• [REQUIRED WORK]
Return only the number of lines in the material below holding the string "whose".

• [DATA FOR THE TASK]

lemma bdd_below_inner_image:
  assumes "bounded E"
  shows "bdd_below ((\<lambda>y. c \<bullet> y) ` E)"
proof -
  obtain R where R: "\<And>y. y \<in> E \<Longrightarrow> norm y \<le> R"
    using assms bounded_iff by blast
  have "- (norm c * R) \<le> c \<bullet> y" if "y \<in> E" for y
    using Cauchy_Schwarz_ineq2[of c y] mult_left_mono[OF R[OF that] norm_ge_zero[of c]] by linarith
  then show ?thesis
    by (intro bdd_belowI2)
qed

lemma lower_support_scaleR:
  assumes "bounded E" and "E \<noteq> {}" and "0 \<le> t"
  shows "lower_support E (t *\<^sub>R c) = t * lower_support E c"
proof -
  have "t * Inf ((\<lambda>y. c \<bullet> y) ` E) = Inf ((\<lambda>x. t * x) ` (\<lambda>y. c \<bullet> y) ` E)"
    using assms bdd_below_inner_image[OF assms(1)]
    by (intro continuous_at_Inf_mono) (auto simp: mono_def mult_left_mono intro: continuous_intros)
  then show ?thesis
    unfolding lower_support_def by (simp add: image_comp o_def)
qed

lemma lower_support_lipschitz:
  assumes "E \<noteq> {}" and R: "\<And>y. y \<in> E \<Longrightarrow> norm y \<le> R"
  shows "R-lipschitz_on UNIV (lower_support E)"
proof -
  have bdd: "bdd_below ((\<lambda>y. c \<bullet> y) ` E)" for c
    using R by (intro bdd_below_inner_image) (auto simp: bounded_iff)
  have le: "lower_support E c \<le> lower_support E d + R * norm (c - d)" for c d
  proof -
    have "lower_support E c - R * norm (c - d) \<le> d \<bullet> y" if y: "y \<in> E" for y
    proof -
      have "lower_support E c \<le> c \<bullet> y"
        unfolding lower_support_def using bdd y by (intro cInf_lower) auto
      also have "\<dots> = d \<bullet> y + (c - d) \<bullet> y"
        by (simp add: inner_diff_left)
      also have "\<dots> \<le> d \<bullet> y + R * norm (c - d)"
        using Cauchy_Schwarz_ineq2[of "c - d" y] mult_left_mono[OF R[OF y] norm_ge_zero[of "c - d"]]
        by (simp add: mult.commute)
      finally show ?thesis by simp
    qed
    then have "lower_support E c - R * norm (c - d) \<le> lower_support E d"
      unfolding lower_support_def[of E d] using assms(1) by (intro cInf_greatest) auto
    then show ?thesis by simp
  qed
  have "0 \<le> R"
    using assms order_trans[OF norm_ge_zero] by blast
  moreover have "dist (lower_support E c) (lower_support E d) \<le> R * dist c d" for c d
    using le[of c d] le[of d c] by (simp add: dist_real_def dist_norm norm_minus_commute abs_le_iff)
  ultimately show ?thesis
    by (intro lipschitz_onI)
qed
lemma norm_diff_le_dpd_bound:
  fixes g :: "'a::real_normed_vector \<Rightarrow> 'b::real_normed_vector"
  assumes "dpd_differentiable e g" "\<And>p. norm (dpd e g p) \<le> B"
  shows "norm (g p - g (p + s *\<^sub>R e)) \<le> B * \<bar>s\<bar>"
proof -
  have "((\<lambda>t. g (p + t *\<^sub>R e)) has_derivative (\<lambda>u. u *\<^sub>R dpd e g (p + t *\<^sub>R e))) (at t within UNIV)" for t
    using has_vector_derivative_dpd[OF assms(1), of p t] unfolding has_vector_derivative_def by simp
  moreover have "onorm (\<lambda>u::real. u *\<^sub>R dpd e g (p + t *\<^sub>R e)) \<le> B" for t
    using onorm_scaleR_left[OF bounded_linear_ident, of "dpd e g (p + t *\<^sub>R e)"] assms(2)
    by (simp add: onorm_id)
  ultimately have "norm (g (p + 0 *\<^sub>R e) - g (p + s *\<^sub>R e)) \<le> B * norm (0 - s)"
    by (intro differentiable_bound[OF convex_UNIV]) auto
  then show ?thesis by simp
qed
(* Let $\Gamma$ be a finite simple graph with $n$ vertices and let $v_1,\dots,v_k$ be distinct vertices of $\Gamma$, each of full degree (i.e. each adjacent to all other vertices of $\Gamma$). Then $n^k$ divides $\det(\mathbf{J}+\mathbf{Q})$.
   Context: $\mathbf{J}$ is the $n\times n$ matrix all of whose entries are $1$. $\mathbf{Q}=\mathbf{\Delta}-\mathbf{A}$ is the Laplacian matrix of $\Gamma$, where $\mathbf{A}$ is the adjacency matrix of $\Gamma$ and $\mathbf{\Delta}$ is the diagonal matrix whose $i$-th diagonal entry is the degree of the $i$-th vertex. *)

theory Defs
  imports "HOL-Analysis.Analysis"
begin

definition simple_graph :: "('n::finite \<Rightarrow> 'n \<Rightarrow> bool) \<Rightarrow> bool" where
  "simple_graph E \<longleftrightarrow> (\<forall>u v. E u v \<longleftrightarrow> E v u) \<and> (\<forall>u. \<not> E u u)"

definition degree :: "('n::finite \<Rightarrow> 'n \<Rightarrow> bool) \<Rightarrow> 'n \<Rightarrow> nat" where
  "degree E v = card {u. E v u}"

definition adj_matrix :: "('n::finite \<Rightarrow> 'n \<Rightarrow> bool) \<Rightarrow> int ^ 'n ^ 'n" where
  "adj_matrix E = (\<chi> i j. if E i j then 1 else 0)"

definition degree_matrix :: "('n::finite \<Rightarrow> 'n \<Rightarrow> bool) \<Rightarrow> int ^ 'n ^ 'n" where
  "degree_matrix E = (\<chi> i j. if i = j then int (degree E i) else 0)"

definition laplacian :: "('n::finite \<Rightarrow> 'n \<Rightarrow> bool) \<Rightarrow> int ^ 'n ^ 'n" where
  "laplacian E = degree_matrix E - adj_matrix E"

definition all_ones :: "int ^ 'n::finite ^ 'n" where
  "all_ones = (\<chi> i j. 1)"

end

theory Submission
  imports Defs
begin

text \<open>A vertex adjacent to all others has degree \<open>n - 1\<close>, so its row in \<open>J + Q\<close> is \<open>n\<close> times a
  unit vector. Every term of the Leibniz expansion of the determinant picks one entry from each
  of the \<open>k\<close> such rows and is therefore divisible by \<open>n\<^sup>k\<close>.\<close>

lemma pow_card_dvd_det_if_rows_dvd:
  fixes A :: "'a::comm_ring_1 ^ 'n::finite ^ 'n"
  assumes "\<And>i j. i \<in> S \<Longrightarrow> c dvd A $ i $ j"
  shows "c ^ card S dvd det A"
proof -
  have "c ^ card S dvd (\<Prod>i\<in>UNIV. A $ i $ p i)" for p :: "'n \<Rightarrow> 'n"
  proof -
    have "c ^ card S = (\<Prod>i\<in>S. c)" by simp
    also have "\<dots> dvd (\<Prod>i\<in>S. A $ i $ p i)"
      by (rule prod_dvd_prod) (rule assms)
    also have "\<dots> dvd (\<Prod>i\<in>UNIV. A $ i $ p i)"
      using prod.subset_diff[of S UNIV "\<lambda>i. A $ i $ p i"] by simp
    finally show ?thesis .
  qed
  then show ?thesis
    unfolding det_def by (intro dvd_sum dvd_mult)
qed

lemma degree_dominating_vertex:
  fixes E :: "'n::finite \<Rightarrow> 'n \<Rightarrow> bool"
  assumes "simple_graph E" and "\<forall>u. u \<noteq> v \<longrightarrow> E v u"
  shows "degree E v = CARD('n) - 1"
proof -
  have "{u. E v u} = UNIV - {v}"
    using assms by (auto simp: simple_graph_def)
  then show ?thesis
    by (simp add: degree_def card_Diff_singleton)
qed

lemma all_ones_plus_laplacian_dominating_row:
  fixes E :: "'n::finite \<Rightarrow> 'n \<Rightarrow> bool"
  assumes "simple_graph E" and "\<forall>u. u \<noteq> v \<longrightarrow> E v u"
  shows "(all_ones + laplacian E) $ v $ j = (if j = v then int CARD('n) else 0)"
proof -
  have "\<not> E v v" using assms(1) by (simp add: simple_graph_def)
  moreover have "CARD('n) \<ge> 1" by (simp add: Suc_leI)
  ultimately show ?thesis
    using assms degree_dominating_vertex[OF assms]
    by (simp add: all_ones_def laplacian_def degree_matrix_def adj_matrix_def of_nat_diff)
qed

theorem lemma3p6:
  fixes E :: "'n::finite \<Rightarrow> 'n \<Rightarrow> bool" and vs :: "'n list"
  assumes "simple_graph E"
    and "distinct vs"
    and "\<forall>v \<in> set vs. \<forall>u. u \<noteq> v \<longrightarrow> E v u"
  shows "(int CARD('n)) ^ length vs dvd det (all_ones + laplacian E)"
proof -
  have "int CARD('n) dvd (all_ones + laplacian E) $ v $ j" if "v \<in> set vs" for v j
    using all_ones_plus_laplacian_dominating_row[OF assms(1)] assms(3) that by simp
  then have "int CARD('n) ^ card (set vs) dvd det (all_ones + laplacian E)"
    by (rule pow_card_dvd_det_if_rows_dvd)
  then show ?thesis
    using assms(2) by (simp add: distinct_card)
qed

end
lemma card_min_fort_shapes_Suc3:
  "card {F. min_fort_shape (m + 3) F} =
     card {G. min_fort_shape (m + 1) G} + card {G. min_fort_shape m G}"
proof -
  let ?A = "{G. min_fort_shape (m + 1) G}" and ?B = "{G. min_fort_shape m G}"
  have inj_A: "inj_on (insert (m + 2)) ?A"
    by (rule inj_on_inverseI[where g = "\<lambda>F. F \<inter> {..<m + 1}"])
      (auto simp: min_fort_shape_def fort_shape_def)
  have inj_B: "inj_on (\<lambda>G. insert (m + 1) (insert (m + 2) G)) ?B"
    by (rule inj_on_inverseI[where g = "\<lambda>F. F \<inter> {..<m}"])
      (auto simp: min_fort_shape_def fort_shape_def)
  have "m + 1 \<notin> F" if "F \<in> insert (m + 2) ` ?A" for F
    using that by (auto simp: min_fort_shape_def fort_shape_def)
  then have disjoint: "insert (m + 2) ` ?A \<inter> (\<lambda>G. insert (m + 1) (insert (m + 2) G)) ` ?B = {}"
    by blast
  show ?thesis
    unfolding min_fort_shapes_Suc3
      card_Un_disjoint[OF finite_imageI finite_imageI disjoint,
        OF finite_min_fort_shapes finite_min_fort_shapes]
      card_image[OF inj_A] card_image[OF inj_B] ..
qed

fun padovan :: "nat \<Rightarrow> nat" where
  "padovan 0 = 0"
| "padovan (Suc 0) = 1"
| "padovan (Suc (Suc 0)) = 1"
| "padovan (Suc (Suc (Suc m))) = padovan (Suc m) + padovan m"

lemma card_min_fort_shapes: "card {F. min_fort_shape m F} = padovan m"
proof (induction m rule: padovan.induct)
  case 1
  have "{F. min_fort_shape 0 F} = {}" by (auto simp: min_fort_shape_def fort_shape_def)
  then show ?case by simp
next
  case 2
  have "{F. min_fort_shape 1 F} = {{0}}" by (auto simp: min_fort_shape_def fort_shape_def)
  then show ?case by simp
next
  case 3
  have "{F. min_fort_shape 2 F} = {{0, 1}}"
    by (auto simp: min_fort_shape_def fort_shape_def numeral_2_eq_2 less_Suc_eq)
  then show ?case by (simp add: numeral_2_eq_2)
next
  case (4 m)
  then show ?case using card_min_fort_shapes_Suc3[of m] by (simp add: numeral_3_eq_3)
qed

lemma num_min_forts_path_eq_padovan: "num_min_forts_path m = padovan m"
  unfolding num_min_forts_path_def is_minimal_fort_path_iff_min_fort_shape
  by (rule card_min_fort_shapes)
lemma Q_strict_antimono: "\<mu>1 < \<mu>2 \<Longrightarrow> \<mu>2 < 0 \<Longrightarrow> Q \<mu>2 z < Q \<mu>1 z"
proof -
  assume \<mu>: "\<mu>1 < \<mu>2" "\<mu>2 < 0"
  have "\<mu>1 - \<theta> z \<noteq> 0" "\<mu>2 - \<theta> z \<noteq> 0" using \<theta>_pos[of z] \<mu> by auto
  then have "s\<^sup>2 / (\<mu>1 - \<theta> z) - s\<^sup>2 / (\<mu>2 - \<theta> z)
      = s\<^sup>2 * ((\<mu>2 - \<mu>1) / ((\<mu>1 - \<theta> z) * (\<mu>2 - \<theta> z)))"
    by (simp add: field_simps)
  then have "Q \<mu>1 z - Q \<mu>2 z = (\<mu>2 - \<mu>1) + s\<^sup>2 * ((\<mu>2 - \<mu>1) / ((\<mu>1 - \<theta> z) * (\<mu>2 - \<theta> z)))"
    by (simp add: Q_def)
  moreover have "0 < (\<mu>2 - \<mu>1) / ((\<mu>1 - \<theta> z) * (\<mu>2 - \<theta> z))"
    using \<theta>_pos[of z] \<mu> by (intro divide_pos_pos mult_neg_neg) auto
  then have "0 \<le> s\<^sup>2 * ((\<mu>2 - \<mu>1) / ((\<mu>1 - \<theta> z) * (\<mu>2 - \<theta> z)))"
    by (intro mult_nonneg_nonneg) auto
  ultimately show ?thesis using \<mu> by linarith
qed

lemma gen_eigenfun_decaying:
  assumes "gen_eigenfun \<beta> \<nu> \<kappa> s \<eta> \<mu> M"
  shows "decaying_solution (\<lambda>z. Q \<mu> z / \<kappa>) M"
proof -
  obtain M' M'' where "\<forall>z. (M has_real_derivative M' z) (at z)" "\<forall>z. (M' has_real_derivative M'' z) (at z)"
    and ode: "\<forall>z. \<kappa> * M'' z = (gam \<beta> \<nu> - \<mu> + s\<^sup>2 / (\<mu> - (\<nu>+2) * \<eta> z powr (-(\<nu>+3)))) * M z"
    and "(M \<longlongrightarrow> 0) at_top" "(M \<longlongrightarrow> 0) at_bot" "(M' \<longlongrightarrow> 0) at_top" "(M' \<longlongrightarrow> 0) at_bot"
    using assms unfolding gen_eigenfun_def by blast
  moreover have "M'' z = Q \<mu> z / \<kappa> * M z" for z
    using ode \<kappa>_pos by (simp add: Q_def \<theta>_def \<gamma>_def field_simps)
  ultimately show ?thesis unfolding decaying_solution_def by blast
qed

text \<open>Since Q \<mu> > Q 0 for \<mu> < 0, Sturm comparison with w', whose only zero is z0, shows that
  an eigenfunction does not change sign and is nonzero at z0.\<close>
lemma eigenfunction_sign_definite:
  assumes "\<mu> < 0" "gen_eigenfun \<beta> \<nu> \<kappa> s \<eta> \<mu> M" "\<And>z. z \<noteq> z0 \<Longrightarrow> w1 z \<noteq> 0"
  shows "\<exists>c. (\<forall>x. 0 \<le> c * M x) \<and> 0 < c * M z0"
proof (rule sturm_sign_definite[OF gen_eigenfun_decaying[OF assms(2)] w1_decaying _ assms(3)])
  show "Q 0 x / \<kappa> < Q \<mu> x / \<kappa>" for x
    using Q_0_less[OF assms(1)] \<kappa>_pos by (simp add: divide_strict_right_mono)
  show "M \<noteq> (\<lambda>x. 0)" using assms(2) by (simp add: gen_eigenfun_def)
qed

lemma negative_eigenvalue_unique:
  assumes "\<mu>1 < 0" "\<mu>2 < 0" "gen_eigenfun \<beta> \<nu> \<kappa> s \<eta> \<mu>1 M1" "gen_eigenfun \<beta> \<nu> \<kappa> s \<eta> \<mu>2 M2"
  shows "\<mu>1 = \<mu>2"
proof -
  obtain z0 where z0: "\<And>z. z \<noteq> z0 \<Longrightarrow> w1 z \<noteq> 0" using w1_unique_zero by blast
  have False if \<mu>: "\<mu>1 < \<mu>2" "\<mu>2 < 0" and eig: "gen_eigenfun \<beta> \<nu> \<kappa> s \<eta> \<mu>1 M1"
    "gen_eigenfun \<beta> \<nu> \<kappa> s \<eta> \<mu>2 M2" for \<mu>1 \<mu>2 M1 M2
  proof -
    obtain c1 where c1: "0 < c1 * M1 z0"
      using eigenfunction_sign_definite[OF _ eig(1) z0] \<mu> by force
    obtain c2 where c2: "\<And>x. 0 \<le> c2 * M2 x" "0 < c2 * M2 z0"
      using eigenfunction_sign_definite[OF \<mu>(2) eig(2) z0] by blast
    have "decaying_solution (\<lambda>z. Q \<mu>1 z / \<kappa>) (\<lambda>x. c1 * M1 x)"
      "decaying_solution (\<lambda>z. Q \<mu>2 z / \<kappa>) (\<lambda>x. c2 * M2 x)"
      using eig by (auto intro: decaying_solution_scale gen_eigenfun_decaying)
    moreover have "Q \<mu>2 x / \<kappa> < Q \<mu>1 x / \<kappa>" for x
      using Q_strict_antimono[OF \<mu>] \<kappa>_pos by (simp add: divide_strict_right_mono)
    ultimately show False
      using sturm_no_nonneg_comparison c1 c2 by blast
  qed
  then show ?thesis using assms by (metis linorder_neqE_linordered_idom)
qed

lemma continuous_\<theta>: "continuous_on UNIV \<theta>"
proof -
  have "\<eta> z \<noteq> 0" for z using \<eta>_pos[of z] by simp
  then show ?thesis
    unfolding \<theta>_def[abs_def] using continuous_\<eta> by (auto intro!: continuous_intros)
qed

lemma neg_le_abs_diff_\<theta>: "\<mu> < 0 \<Longrightarrow> - \<mu> \<le> \<bar>\<mu> - \<theta> z\<bar>"
  using \<theta>_pos[of z] by simp

lemma continuous_Q: "\<mu> < 0 \<Longrightarrow> continuous_on UNIV (Q \<mu>)"
proof -
  assume "\<mu> < 0"
  then have "\<mu> - \<theta> z \<noteq> 0" for z using \<theta>_pos[of z] by simp
  then show ?thesis
    unfolding Q_def[abs_def] using continuous_\<theta> by (intro continuous_intros) auto
qed

lemma abs_Q_le: "\<mu> < 0 \<Longrightarrow> \<bar>Q \<mu> z\<bar> \<le> \<gamma> + \<bar>\<mu>\<bar> + s\<^sup>2 / (- \<mu>)"
proof -
  assume "\<mu> < 0"
  then have "s\<^sup>2 / \<bar>\<mu> - \<theta> z\<bar> \<le> s\<^sup>2 / (- \<mu>)"
    using neg_le_abs_diff_\<theta>[of \<mu> z] by (intro divide_left_mono mult_pos_pos) auto
  then have "\<bar>s\<^sup>2 / (\<mu> - \<theta> z)\<bar> \<le> s\<^sup>2 / (- \<mu>)" by simp
  then show ?thesis unfolding Q_def using \<gamma>_pos by linarith
qed

lemma Ls_eigenpair_if_gen_eigenfun:
  assumes "\<mu> < 0" and eig: "gen_eigenfun \<beta> \<nu> \<kappa> s \<eta> \<mu> M"
  shows "Ls_eigenpair \<beta> \<nu> \<kappa> s \<eta> \<mu> M (\<lambda>z. s * M z / (\<mu> - (\<nu>+2) * \<eta> z powr (-(\<nu>+3))))"
proof -
  obtain M' M'' where M': "\<And>z. (M has_real_derivative M' z) (at z)"
    and M'': "\<And>z. (M' has_real_derivative M'' z) (at z)"
    and ode: "\<And>z. \<kappa> * M'' z = (\<gamma> - \<mu> + s\<^sup>2 / (\<mu> - \<theta> z)) * M z"
    and lim: "(M \<longlongrightarrow> 0) at_top" "(M \<longlongrightarrow> 0) at_bot" "(M' \<longlongrightarrow> 0) at_top" "(M' \<longlongrightarrow> 0) at_bot"
    and "sq_integrable M" "M \<noteq> (\<lambda>z. 0)"
    using eig unfolding gen_eigenfun_def \<theta>_def \<gamma>_def by blast
  have denom_nonzero: "\<mu> - \<theta> z \<noteq> 0" for z using \<theta>_pos[of z] \<open>\<mu> < 0\<close> by simp
  have q_ode: "M'' z = Q \<mu> z / \<kappa> * M z" for z
    using ode[of z] \<kappa>_pos by (simp add: Q_def field_simps)
  have q_bound: "\<bar>Q \<mu> z / \<kappa>\<bar> \<le> (\<gamma> + \<bar>\<mu>\<bar> + s\<^sup>2 / (- \<mu>)) / \<kappa>" for z
    using abs_Q_le[OF \<open>\<mu> < 0\<close>, of z] \<kappa>_pos by (simp add: divide_right_mono)
  have q_cont: "continuous_on UNIV (\<lambda>z. Q \<mu> z / \<kappa>)"
    using continuous_Q[OF \<open>\<mu> < 0\<close>] \<kappa>_pos by (intro continuous_intros) auto
  note derivs = sq_integrable_derivs_if_ode[OF M' M'' q_ode q_cont q_bound lim \<open>sq_integrable M\<close>]
  define V where "V z = s * M z / (\<mu> - \<theta> z)" for z
  have "sq_integrable V"
  proof (rule sq_integrable_if_sq_le[OF _ \<open>sq_integrable M\<close>])
    show "continuous_on UNIV V"
      unfolding V_def[abs_def] using M' continuous_\<theta> denom_nonzero
      by (intro continuous_intros) (auto intro: DERIV_isCont continuous_at_imp_continuous_on)
    show "(V z)\<^sup>2 \<le> s\<^sup>2 / \<mu>\<^sup>2 * (M z)\<^sup>2" for z
    proof -
      have "\<mu>\<^sup>2 \<le> (\<mu> - \<theta> z)\<^sup>2"
        using neg_le_abs_diff_\<theta>[OF \<open>\<mu> < 0\<close>, of z] \<open>\<mu> < 0\<close>
        by (metis abs_le_square_iff abs_of_neg abs_minus)
      then have "(s * M z)\<^sup>2 / (\<mu> - \<theta> z)\<^sup>2 \<le> (s * M z)\<^sup>2 / \<mu>\<^sup>2"
        using \<open>\<mu> < 0\<close> by (intro divide_left_mono mult_pos_pos) auto
      then show ?thesis by (simp add: V_def power_divide power_mult_distrib)
    qed
  qed
  moreover have "\<gamma> * M z - \<kappa> * M'' z + s * V z = \<mu> * M z" for z
    using ode[of z] denom_nonzero[of z] by (simp add: V_def field_simps power2_eq_square)
  moreover have "s * M z + \<theta> z * V z = \<mu> * V z" for z
    using denom_nonzero[of z] by (simp add: V_def field_simps)
  ultimately show ?thesis
    unfolding Ls_eigenpair_def V_def \<theta>_def \<gamma>_def
    using M' M'' derivs \<open>sq_integrable M\<close> \<open>M \<noteq> (\<lambda>z. 0)\<close> by auto
qed

end

theorem mainTheorem7:
  fixes \<beta> \<nu> \<kappa> \<eta>inf s :: real and w \<eta> :: "real \<Rightarrow> real"
  assumes "\<beta> > 0" and "\<nu> > -1" and "\<kappa> > 0" and "\<eta>inf > 0"
    and "soliton \<beta> \<nu> \<kappa> \<eta>inf s w \<eta>"
    and "\<beta> * (\<nu>+1) / (2 * (\<nu>+2) * \<eta>inf powr (\<nu>+3)) < s\<^sup>2"
    and "s\<^sup>2 < \<beta> / \<eta>inf powr (\<nu>+3)"
  shows "(\<forall>\<mu>1 \<mu>2 M1 M2. \<mu>1 < 0 \<and> \<mu>2 < 0 \<and>
            gen_eigenfun \<beta> \<nu> \<kappa> s \<eta> \<mu>1 M1 \<and> gen_eigenfun \<beta> \<nu> \<kappa> s \<eta> \<mu>2 M2 \<longrightarrow> \<mu>1 = \<mu>2)
       \<and> (\<forall>\<mu> M. \<mu> < 0 \<and> gen_eigenfun \<beta> \<nu> \<kappa> s \<eta> \<mu> M \<longrightarrow>
            Ls_eigenpair \<beta> \<nu> \<kappa> s \<eta> \<mu> M
              (\<lambda>z. s * M z / (\<mu> - (\<nu>+2) * \<eta> z powr (-(\<nu>+3)))))"
proof -
  \<comment> \<open>The bounds on s^2 are needed only to ensure s \<noteq> 0.\<close>
  have "0 < \<beta> * (\<nu>+1) / (2 * (\<nu>+2) * \<eta>inf powr (\<nu>+3))"
    using assms(1,2,4) by (intro divide_pos_pos mult_pos_pos) auto
  then have "s \<noteq> 0" using assms(6) by auto
  then interpret soliton_wave \<beta> \<nu> \<kappa> \<eta>inf s w \<eta>
    using assms by unfold_locales auto
  show ?thesis
    using negative_eigenvalue_unique Ls_eigenpair_if_gen_eigenfun by blast
qed

end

• [RESULT OF THIS TASK]
2